Saudi to take on Bahrain tonight as 24th Arabian Gulf Cup comes to a close
After two weeks of exciting football action in Doha, the curtains will finally fall on the 24th Arabian Gulf Cup today with the final match between three-time champions Saudi Arabia and Bahrain, who are gunning for their first title.
The match, scheduled for 7:00 pm local time, will be held at the Abdullah Bin Khalifa Stadium and will have in attendance His Highness the Amir Sheikh Tamim bin Hamad Al Thani who will also crown the eventual winners.
The Green Falcons, who stunned hosts Qatar 1-0 on Thursday to book their final ticket, are expectedly the favorites, going into the game, with their superior head-to-head advantage.
Of the 36 previous encounters between the two neighbors, the coach Herve Renard’s side have enjoyed the privilege of winning 19 times and drawing 11 with Bahrain winning on only six occasions, and when the two sides met earlier in the group stage of this edition of the region’s biggest football fiesta, it was the Saudis who walked away with a comfortable 2-0 victory.

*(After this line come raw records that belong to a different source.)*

lemma det_falling_border:
  fixes x :: "nat \<Rightarrow> 'a::comm_ring_1"
  shows "det (falling_border x n) =
     (\<Sum>i\<le>n. Polynomial.smult ((-1) ^ i * det (falling_minor x n (n - i))) (falling_fact_poly (n - i)))"
proof -
  have cofactor: "cofactor (falling_border x n) n k = [:(-1) ^ (n + k) * det (falling_minor x n k):]"
    if "k \<le> n" for k
  proof -
    have "mat_delete (falling_border x n) n k = map_mat (\<lambda>a. [:a:]) (falling_minor x n k)"
      using that by (intro eq_matI) (auto simp: mat_delete_def falling_border_def falling_minor_def)
    then show ?thesis
      by (simp add: cofactor_def comm_ring_hom.hom_det[OF comm_ring_hom_const_poly])
        (cases "even (n + k)"; simp)
  qed
  have last_row: "falling_border x n $$ (n, k) = falling_fact_poly k" if "k \<le> n" for k
    using that by (simp add: falling_border_def)
  have "det (falling_border x n) = (\<Sum>k<Suc n. falling_border x n $$ (n, k) * cofactor (falling_border x n) n k)"
    by (rule laplace_expansion_row) (auto simp: falling_border_def)
  also have "\<dots> =
      (\<Sum>k\<le>n. Polynomial.smult ((-1) ^ (n + k) * det (falling_minor x n k)) (falling_fact_poly k))"
    by (rule sum.cong) (auto simp: cofactor last_row)
  also have "\<dots> =
      (\<Sum>i\<le>n. Polynomial.smult ((-1) ^ i * det (falling_minor x n (n - i))) (falling_fact_poly (n - i)))"
  proof (rule sum.reindex_bij_witness[of _ "\<lambda>i. n - i" "\<lambda>k. n - k"])
    fix k assume "k \<in> {..n}"
    then have "(-1::'a) ^ (n + k) = (-1) ^ ((n - k) + 2 * k)"
      by (intro arg_cong[where f = "(^) (-1)"]) auto
    also have "\<dots> = (-1) ^ (n - k)"
      by (simp add: power_add power_mult)
    finally show "Polynomial.smult ((-1) ^ (n - k) * det (falling_minor x n (n - (n - k))))
        (falling_fact_poly (n - (n - k))) =
        Polynomial.smult ((-1) ^ (n + k) * det (falling_minor x n k)) (falling_fact_poly k)"
      using \<open>k \<in> {..n}\<close> by simp
  qed auto
  finally show ?thesis .
qed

"We have a strong team. And in the final, we need to play with humility. Since 2003 Saudi hasn’t won this competition, so the players want to make history. We just want to be ourselves. It will be completely different from the game we played against Bahrain in the group stage and we are ready," said Renard, a two-time winner of the Africa Cup of Nations with Zambia and Ivory Coast respectively, on Saturday.
"We are very pleased to have qualified for the final. I think we deserve it. So we need to concentrate very hard. This is the most important match. The players are very motivated and their level is getting better in each match. We want to be the champions," he added.
Giving an indication of his team's intended style of play against the Bahrainis, Renard said his team would not sit back and defend but would take the game by the scruff of the neck as they march out offensively against Bahrain.
As with the group-stage match against Bahrain and later Qatar in the semis, the Saudis will once again be counting on their star player Abdullah Al Hamdan, who was adjudged the man-of-the-match in both matches, for goals.
The 20-year-old Al-Shabab player has been one of the revelations of the tournament with his rock-solid performance so far and he will be hoping to prove it once more on the biggest stage.
Despite the odds being in favor of the Saudis who last won the tournament in 2003, the Bahraini side, however, have proved so far that they meant business this time around and that they are ready to leave their blood, sweat, and tears out on the field to end their agonizing 49-year wait for the regional trophy.
Enroute the final, the coach Helio Sousa’s men had played one of the best matches of the eight-nation tournament to send home the Lions of Mesopotamia of Iraq.
The four-time tournament finalists displayed high-level grit that is expected again from them tonight, as they came twice from behind to hold the Iraqis to a draw in regulation time before finally edging the three-time winners out 5-3 via penalty shootout.
"We are focusing on ourselves. By entering the final, we have bettered ourselves. But this is not enough. We play every match to win it. We can’t be happier than being in the final of [the] Gulf Cup. It’s our best performance. But we want to win it," said Sousa at Saturday’s pre-match press conference.
The Portuguese manager who had led the team to West Asian Football Federation Championship title earlier in the year admitted his players would be under pressure to create history.
"This is the biggest chapter for us. There is pressure, but this is the best pressure that can happen to us. We only have semi-professional championships in Bahrain. But we are winning against the best teams of Asia. The players are doing an amazing job. This is the pressure we want. To be here playing the fifth game. Against a top team," he said.
Whichever way the pendulum swings tonight, history is however bound to be made.
It is either the first four-time champions is produced (no country has won the tournament more than three times apart from ten-time winner Kuwait) or a country wins it for the first time. Whatever happens, one thing is sure – the fans are in for a thrilling time of football.